Catatan TII ini juga sejalan dengan Pasal 2 Omnibus Law RUU Cipta Kerja yang menyebutkan tentang asas penyelenggaraan jika RUU ini diloloskan nantinya, yaitu asas pemerataan hak, kepastian hukum, kemudahan berusaha, kebersamaan, serta kemandirian.

TII menilai bahwa Omnibus Law RUU Cipta Kerja sebagai kebijakan berpotensi positif bagi kebebasan ekonomi, pertumbuhan ekonomi dan pembangunan, serta kesejahteraan di Indonesia.

Namun, sejak awal, proses pembuatan RUU Cipta Kerja sudah mengundang polemik, dari prosesnya yang dinilai tidak inklusif, tidak transparan, terburu-buru, hingga banyak ketentuan yang diatur didalamnya dinilai mengabaikan aspek perlindungan HAM, demokrasi, penegakan hukum, dan mengancam keberlangsungan lingkungan hidup.

Lebih jauh, terkait tata bangunan dan logika hukum, RUU Cipta Kerja berpotensi menghidupkan kembali pasal yang pernah dibatalkan Mahkamah Konstitusi, yaitu ketentuan presiden bisa membatalkan peraturan daerah melalui peraturan presiden.

Jelas hal ini bertentangan dengan hierarki tata peraturan perundang-undangan yang berlaku. Belum lagi, potensi anomali dengan prinsip Omnibus Law, karena RUU Cipta Kerja nantinya akan mengamanatkan ratusan peraturan teknis untuk pelaksanaanya.

Hal ini pulalah yang membuat pembahasan RUU ini masih harus mengkritisi banyaknya ketentuan yang bermasalah, mengingat potensi dampak negatif serius yang akan ditimbulkannya.

TII menegaskan pentingya mengkritisi RUU ini mengingat aspek ekonomi juga berdampak terhadap aspek lainnya. Selain itu, pembangunan yang berkelanjutan dan mendukung kebebasan ekonomi tidak akan dapat berjalan baik dan berdampak positif, jika tidak memperhatikan pemangku kepentingan, konteks, serta dampak di aspek lainnya, termasuk aspek perlindungan HAM dan hukum, demokrasi, sosial, maupun lingkungan hidup.

Harus diakui bahwa Omnibus Law RUU Cipta Kerja masih memuat banyak ketentuan yang kontroversial dan justru ikut menghambat tujuannya karena proses pembuatannya yang sejak awal bermasalah.

Sebut saja ketentuan mengenai Pasal 93 RUU Cipta Kerja yang tidak memberi penjelasan rinci mengenai kata berhalangan terkait ketentuan tentang pemberian upah bagi buruh yang tidak masuk kerja karena berhalangan. Hal ini juga berpotensi merugikan hak-hak buruh perempuan seperti yang disuarakan serikat buruh.
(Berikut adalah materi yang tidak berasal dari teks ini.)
lemma nonpos_preserved_by_derivative_bound:
  fixes u d :: "'i \<Rightarrow> real \<Rightarrow> real"
  assumes "finite S" "0 \<le> K" "a \<le> b"
    and der: "\<And>i s. i \<in> S \<Longrightarrow> s \<in> {a..b} \<Longrightarrow> (u i has_real_derivative d i s) (at s within {a..b})"
    and bound: "\<And>i s. i \<in> S \<Longrightarrow> s \<in> {a..b} \<Longrightarrow> 0 < u i s \<Longrightarrow> d i s \<le> K * (\<Sum>j\<in>S. max (u j s) 0)"
    and init: "\<And>i. i \<in> S \<Longrightarrow> u i a \<le> 0"
    and "i \<in> S"
  shows "u i b \<le> 0"
proof -
  \<comment> \<open>By Cauchy-Schwarz, \<open>\<phi>' \<le> 2 K |S| \<phi>\<close>; Gronwall then keeps \<open>\<phi>\<close> at \<open>0\<close>.\<close>
  define \<phi> where "\<phi> s = (\<Sum>j\<in>S. (max (u j s) 0)\<^sup>2)" for s
  define \<phi>' where "\<phi>' s = (\<Sum>j\<in>S. 2 * max (u j s) 0 * d j s)" for s
  have der_\<phi>: "(\<phi> has_real_derivative \<phi>' s) (at s within {a..b})" if "s \<in> {a..b}" for s
    unfolding \<phi>_def \<phi>'_def
    by (rule DERIV_sum, rule DERIV_chain2[OF has_real_derivative_pos_part_squared der])
      (use that in auto)
  have bound_\<phi>: "\<phi>' s \<le> (2 * K * card S) * \<phi> s" if "s \<in> {a..b}" for s
  proof -
    have "\<phi>' s \<le> (\<Sum>j\<in>S. 2 * max (u j s) 0 * (K * (\<Sum>i\<in>S. max (u i s) 0)))"
      unfolding \<phi>'_def
      by (rule sum_mono) (use bound that in \<open>auto simp: max_def\<close>)
    also have "\<dots> = 2 * K * (\<Sum>i\<in>S. max (u i s) 0)\<^sup>2"
      by (simp add: sum_distrib_left[symmetric] sum_distrib_right[symmetric] power2_eq_square mult.assoc)
    also have "\<dots> \<le> 2 * K * ((\<Sum>i\<in>S. (max (u i s) 0)\<^sup>2) * card S)"
      by (rule mult_left_mono[OF sum_squared_le_sum_of_squares]) (use \<open>0 \<le> K\<close> in auto)
    finally show ?thesis by (simp add: \<phi>_def algebra_simps)
  qed
  have "\<phi> a \<le> 0"
    unfolding \<phi>_def using init by (intro sum_nonpos) (simp add: max_def)
  with gronwall_nonpos[OF \<open>a \<le> b\<close>, of \<phi> \<phi>'] have "\<phi> b \<le> 0"
    using der_\<phi> bound_\<phi> by blast
  moreover have "(max (u i b) 0)\<^sup>2 \<le> \<phi> b"
    unfolding \<phi>_def by (rule member_le_sum) (use \<open>i \<in> S\<close> \<open>finite S\<close> in auto)
  ultimately have "(max (u i b) 0)\<^sup>2 \<le> 0"
    by linarith
  then show ?thesis
    by (simp add: max_def split: if_splits)
qed

section \<open>Lower transition rate operators\<close>

lemma ind_nth [simp]: "ind A $ z = (if z \<in> A then 1 else 0)"
  by (simp add: ind_def)

lemma sum_scaleR_ind:
  "(\<Sum>z\<in>S. (v $ z) *\<^sub>R ind {z}) = (\<chi> w. if w \<in> S then v $ w else 0)"
proof -
  have "(\<Sum>z\<in>S. (v $ z) *\<^sub>R ind {z}) $ w = (\<Sum>z\<in>S. v $ z * (if w = z then 1 else 0))" for w
    by simp
  also have "\<dots> w = (\<Sum>z\<in>S. if w = z then v $ w else 0)" for w
    by (rule sum.cong) auto
  finally show ?thesis
    by (simp add: vec_eq_iff sum.delta[OF finite])
qed

definition rate_bound :: "(real^'x::finite \<Rightarrow> real^'x) \<Rightarrow> real" where
  "rate_bound Q = (\<Sum>z\<in>UNIV. norm (Q (ind {z})) + norm (Q (- ind {z})))"

lemma rate_bound_nonneg: "0 \<le> rate_bound Q"
  by (simp add: rate_bound_def sum_nonneg)

context
  fixes Q :: "real^'x::finite \<Rightarrow> real^'x"
  assumes Q: "lower_rate_op Q"
begin

lemma lower_rate_op_const: "Q (\<chi> y. \<mu>) = 0"
  using Q unfolding lower_rate_op_def by blast

lemma lower_rate_op_zero: "Q 0 = 0"
  using lower_rate_op_const[of 0] by (simp add: zero_vec_def)

lemma lower_rate_op_superadditive: "Q f $ y + Q g $ y \<le> Q (f + g) $ y"
  using Q unfolding lower_rate_op_def by blast

lemma lower_rate_op_scaleR: "0 \<le> c \<Longrightarrow> Q (c *\<^sub>R f) = c *\<^sub>R Q f"
  using Q unfolding lower_rate_op_def by blast

lemma lower_rate_op_ind_nonneg: "x \<noteq> y \<Longrightarrow> 0 \<le> Q (ind {y}) $ x"
  using Q unfolding lower_rate_op_def by blast

lemma lower_rate_op_sum: "finite I \<Longrightarrow> (\<Sum>i\<in>I. Q (f i) $ y) \<le> Q (\<Sum>i\<in>I. f i) $ y"
proof (induction I rule: finite_induct)
  case (insert i I)
  then show ?case
    using lower_rate_op_superadditive[of "f i" y "\<Sum>i\<in>I. f i"] by simp
qed (simp add: lower_rate_op_zero)

lemma lower_rate_op_add_const: "Q (f + (\<chi> y. \<mu>)) = Q f"
proof -
  have "Q f $ x \<le> Q (f + (\<chi> y. \<mu>)) $ x" for x
    using lower_rate_op_superadditive[of f x "\<chi> y. \<mu>"] by (simp add: lower_rate_op_const)
  moreover have "Q (f + (\<chi> y. \<mu>)) $ x \<le> Q f $ x" for x
  proof -
    have "f + (\<chi> y. \<mu>) + (\<chi> y. - \<mu>) = f"
      by (simp add: vec_eq_iff)
    then have "Q (f + (\<chi> y. \<mu>)) $ x + Q (\<chi> y. - \<mu>) $ x \<le> Q f $ x"
      using lower_rate_op_superadditive[of "f + (\<chi> y. \<mu>)" x "\<chi> y. - \<mu>"] by (simp only:)
    then show ?thesis
      by (simp add: lower_rate_op_const)
  qed
  ultimately show ?thesis by (simp add: vec_eq_iff order_antisym)
qed

lemma lower_rate_op_nonneg_at_zero:
  assumes "\<And>z. 0 \<le> f $ z" and "f $ y = 0"
  shows "0 \<le> Q f $ y"
proof -
  have "0 \<le> (\<Sum>z\<in>-{y}. Q ((f $ z) *\<^sub>R ind {z}) $ y)"
    using assms(1) lower_rate_op_ind_nonneg by (intro sum_nonneg) (simp add: lower_rate_op_scaleR)
  also have "\<dots> \<le> Q (\<Sum>z\<in>-{y}. (f $ z) *\<^sub>R ind {z}) $ y"
    by (rule lower_rate_op_sum) simp
  also have "(\<Sum>z\<in>-{y}. (f $ z) *\<^sub>R ind {z}) = f"
    using \<open>f $ y = 0\<close> by (auto simp: sum_scaleR_ind vec_eq_iff)
  finally show ?thesis .
qed

lemma lower_rate_op_mono_at:
  assumes "\<And>z. f $ z \<le> g $ z" and "f $ y = g $ y"
  shows "Q f $ y \<le> Q g $ y"
proof -
  have "0 \<le> Q (g - f) $ y"
    by (rule lower_rate_op_nonneg_at_zero) (use assms in auto)
  then show ?thesis
    using lower_rate_op_superadditive[of f y "g - f"] by simp
qed

lemma lower_rate_op_scaleR_ind_bound: "\<bar>Q (c *\<^sub>R ind {z}) $ y\<bar> \<le> \<bar>c\<bar> * rate_bound Q"
proof -
  have "\<bar>Q (ind {z}) $ y\<bar> + \<bar>Q (- ind {z}) $ y\<bar> \<le> norm (Q (ind {z})) + norm (Q (- ind {z}))"
    by (intro add_mono) (simp_all add: component_le_norm_cart)
  also have "\<dots> \<le> rate_bound Q"
    unfolding rate_bound_def by (rule member_le_sum) auto
  finally have bound: "\<bar>Q (ind {z}) $ y\<bar> + \<bar>Q (- ind {z}) $ y\<bar> \<le> rate_bound Q" .
  have "c *\<^sub>R ind {z} = \<bar>c\<bar> *\<^sub>R (if 0 \<le> c then ind {z} else - ind {z})"
    by simp
  then have "Q (c *\<^sub>R ind {z}) = \<bar>c\<bar> *\<^sub>R Q (if 0 \<le> c then ind {z} else - ind {z})"
    by (simp only: lower_rate_op_scaleR abs_ge_zero)
  then show ?thesis
    using bound by (auto simp: abs_mult intro!: mult_left_mono)
qed

lemma lower_rate_op_lower_bound: "- (rate_bound Q * (\<Sum>z\<in>UNIV. \<bar>h $ z\<bar>)) \<le> Q h $ y"
proof -
  have "- (rate_bound Q * (\<Sum>z\<in>UNIV. \<bar>h $ z\<bar>)) = (\<Sum>z\<in>UNIV. - (\<bar>h $ z\<bar> * rate_bound Q))"
    by (simp add: sum_distrib_left sum_negf mult.commute)
  also have "\<dots> \<le> (\<Sum>z\<in>UNIV. Q ((h $ z) *\<^sub>R ind {z}) $ y)"
  proof (rule sum_mono)
    show "- (\<bar>h $ z\<bar> * rate_bound Q) \<le> Q ((h $ z) *\<^sub>R ind {z}) $ y" for z
      using lower_rate_op_scaleR_ind_bound[of "h $ z" z y] by (simp add: abs_le_iff)
  qed
  also have "\<dots> \<le> Q (\<Sum>z\<in>UNIV. (h $ z) *\<^sub>R ind {z}) $ y"
    by (rule lower_rate_op_sum) simp
  also have "(\<Sum>z\<in>UNIV. (h $ z) *\<^sub>R ind {z}) = h"
    by (simp add: sum_scaleR_ind vec_nth_inverse)
  finally show ?thesis .
qed

lemma lower_rate_op_upper_bound: "Q h $ y \<le> rate_bound Q * (\<Sum>z\<in>UNIV. \<bar>h $ z\<bar>)"
  using lower_rate_op_superadditive[of h y "- h"] lower_rate_op_lower_bound[of "- h" y]
  by (simp add: lower_rate_op_zero)

lemma lower_rate_op_le_pos_part:
  assumes "c < v $ y"
  shows "Q v $ y \<le> rate_bound Q * (\<Sum>z\<in>UNIV. max (v $ z - c) 0)"
proof -
  define w where "w = v + (\<chi> z. - c)"
  define p where "p = (\<chi> z. max (w $ z) 0)"
  define n where "n = (\<chi> z. max (- w $ z) 0)"
  have "v = w + (\<chi> z. c)"
    by (simp add: w_def vec_eq_iff)
  then have "Q v = Q w"
    by (simp add: lower_rate_op_add_const)
  have "w + n = p"
    by (simp add: p_def n_def vec_eq_iff max_def)
  then have "Q w $ y + Q n $ y \<le> Q p $ y"
    using lower_rate_op_superadditive[of w y n] by simp
  moreover have "0 \<le> Q n $ y"
    by (rule lower_rate_op_nonneg_at_zero) (use assms in \<open>auto simp: n_def w_def\<close>)
  moreover have "Q p $ y \<le> rate_bound Q * (\<Sum>z\<in>UNIV. max (v $ z - c) 0)"
    using lower_rate_op_upper_bound[of p y] by (simp add: p_def w_def)
  ultimately show ?thesis
    using \<open>Q v = Q w\<close> by simp
qed

lemma lower_rate_op_ge_neg_part:
  assumes "v $ y < 0"
  shows "- (rate_bound Q * (\<Sum>z\<in>UNIV. max (- v $ z) 0)) \<le> Q v $ y"
proof -
  define p where "p = (\<chi> z. max (v $ z) 0)"
  define n where "n = (\<chi> z. max (- v $ z) 0)"
  have "p + - n = v"
    by (simp add: p_def n_def vec_eq_iff max_def)
  then have "Q p $ y + Q (- n) $ y \<le> Q v $ y"
    using lower_rate_op_superadditive[of p y "- n"] by simp
  moreover have "0 \<le> Q p $ y"
    by (rule lower_rate_op_nonneg_at_zero) (use assms in \<open>auto simp: p_def\<close>)
  moreover have "- (rate_bound Q * (\<Sum>z\<in>UNIV. max (- v $ z) 0)) \<le> Q (- n) $ y"
    using lower_rate_op_lower_bound[of "- n" y] by (simp add: n_def)
  ultimately show ?thesis by simp
qed

lemma lower_rate_op_le_pos_part_outside:
  assumes closed: "Q (ind B) $ y \<le> 0" and "y \<notin> B"
    and le1: "\<And>z. v $ z \<le> 1" and "0 < v $ y"
  shows "Q v $ y \<le> rate_bound Q * (\<Sum>z\<in>-B. max (v $ z) 0)"
proof -
  define h where "h = (\<chi> z. if z \<in> B then 0 else max (v $ z) 0)"
  have "Q v $ y \<le> Q (ind B + h) $ y"
    by (rule lower_rate_op_mono_at) (use le1 assms in \<open>auto simp: h_def max_def\<close>)
  moreover have "Q (ind B + h) $ y + Q (- h) $ y \<le> Q (ind B) $ y"
    using lower_rate_op_superadditive[of "ind B + h" y "- h"] by simp
  moreover have "- (rate_bound Q * (\<Sum>z\<in>UNIV. \<bar>h $ z\<bar>)) \<le> Q (- h) $ y"
    using lower_rate_op_lower_bound[of "- h" y] by simp
  moreover have "(\<Sum>z\<in>UNIV. \<bar>h $ z\<bar>) = (\<Sum>z\<in>-B. max (v $ z) 0)"
    by (simp add: h_def sum.If_cases Compl_eq)
  ultimately show ?thesis
    using closed by simp
qed

lemma lower_rate_op_lower_bound_by_ind:
  assumes nonneg: "\<And>z. 0 \<le> v $ z" and "0 \<le> \<delta>"
    and "\<And>z. z \<in> C \<Longrightarrow> \<delta> \<le> v $ z" and "y \<notin> C"
  shows "\<delta> * Q (ind C) $ y - rate_bound Q * v $ y \<le> Q v $ y"
proof -
  have "Q (\<delta> *\<^sub>R ind C + (v $ y) *\<^sub>R ind {y}) $ y \<le> Q v $ y"
    by (rule lower_rate_op_mono_at) (use assms in auto)
  moreover have "Q (\<delta> *\<^sub>R ind C) $ y + Q ((v $ y) *\<^sub>R ind {y}) $ y
      \<le> Q (\<delta> *\<^sub>R ind C + (v $ y) *\<^sub>R ind {y}) $ y"
    by (rule lower_rate_op_superadditive)
  moreover have "- (v $ y * rate_bound Q) \<le> Q ((v $ y) *\<^sub>R ind {y}) $ y"
    using lower_rate_op_scaleR_ind_bound[of "v $ y" y y] nonneg[of y] by (simp add: abs_le_iff)
  ultimately show ?thesis
    using lower_rate_op_scaleR[OF \<open>0 \<le> \<delta>\<close>] by (simp add: mult.commute)
qed

lemma lower_rate_op_plus_bound_nonneg:
  "(\<And>z. 0 \<le> v $ z) \<Longrightarrow> 0 \<le> Q v $ y + rate_bound Q * v $ y"
  using lower_rate_op_lower_bound_by_ind[of v 0 "{}" y] by simp

lemma lower_rate_op_plus_bound_pos:
  assumes nonneg: "\<And>z. 0 \<le> v $ z" and pos: "\<And>z. z \<in> C \<Longrightarrow> 0 < v $ z"
    and "y \<notin> C" and "0 < Q (ind C) $ y"
  shows "0 < Q v $ y + rate_bound Q * v $ y"
proof -
  define \<delta> where "\<delta> = Min (insert 1 ((\<lambda>z. v $ z) ` C))"
  have "0 < \<delta>"
    unfolding \<delta>_def using pos by (subst Min_gr_iff) auto
  moreover have "\<delta> \<le> v $ z" if "z \<in> C" for z
    unfolding \<delta>_def using that by (intro Min_le) auto
  ultimately have "\<delta> * Q (ind C) $ y - rate_bound Q * v $ y \<le> Q v $ y"
    by (intro lower_rate_op_lower_bound_by_ind) (use nonneg \<open>y \<notin> C\<close> in auto)
  moreover have "0 < \<delta> * Q (ind C) $ y"
    using \<open>0 < \<delta>\<close> \<open>0 < Q (ind C) $ y\<close> by simp
  ultimately show ?thesis by linarith
qed

end

section \<open>Lower reachability\<close>

lemma reach_seq_mono: "m \<le> n \<Longrightarrow> reach_seq Q A m \<subseteq> reach_seq Q A n"
  by (induction n rule: dec_induct) auto

lemma reach_seq_stabilizes: "\<exists>n. reach_seq Q A n = reach_seq Q A (Suc n)"
proof (rule ccontr)
  assume growing: "\<nexists>n. reach_seq Q A n = reach_seq Q A (Suc n)"
  have "n \<le> card (reach_seq Q A n)" for n
  proof (induction n)
    case (Suc n)
    have "reach_seq Q A n \<subset> reach_seq Q A (Suc n)"
      using growing by auto
    then have "card (reach_seq Q A n) < card (reach_seq Q A (Suc n))"
      by (rule psubset_card_mono[OF finite])
    with Suc.IH show ?case
      by linarith
  qed simp
  moreover have "card (reach_seq Q A (Suc CARD('a))) \<le> CARD('a)"
    by (rule card_mono) auto
  ultimately show False
    by (metis not_less_eq_eq)
qed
Di sektor lingkungan dan industri pertambangan misalnya, banyak ketentuan yang dihapus atau tidak mengatur dengan ketat mengenai aspek pemberdayaan lingkungan dan sanksi, sehingga berpotensi mengabaikan AMDAL dan merusak lingkungan, serta memberi ruang luas untuk perpanjangan masa ijin perrtambangan dan membiarkan pengrusakan lingkungan.

TII mendesak agar semua catatan kritis dari beragam pihak harus dipertimbangkan dan dijadikan masukan dalam proses pembahasan RUU Cipta Kerja kedepan.

Di tengah krisis pandemi COVID-19 dan kritik publik terhadap Dewan Perwakilan Rakyat Republik Indonesia (DPR RI) yang bersikukuh untuk terus melanjutkan pembahasan RUU ini, para pembuat kebijakan dituntut untuk membuktikan bahwa RUU Cipta Kerja tetap diproses sesuai dengan prinsip-prinsip tata kelola pemerintahan yang baik.

Dengan demikian, proses kebijakan yang inklusif, partisipatif, transparan, dan akuntabel, serta masukan dari berbagai pihak, menjadi hal yang sangat penting untuk memastikan agar RUU Cipta Kerja ini juga dalam prosesnya sejalan dengan asas penyelenggaraan yang termaktub dalam ketentuannya, serta relevan dengan dan memenuhi kepentingan dan kebutuhan beragam pihak, bukan hanya aspek ekonomi semata.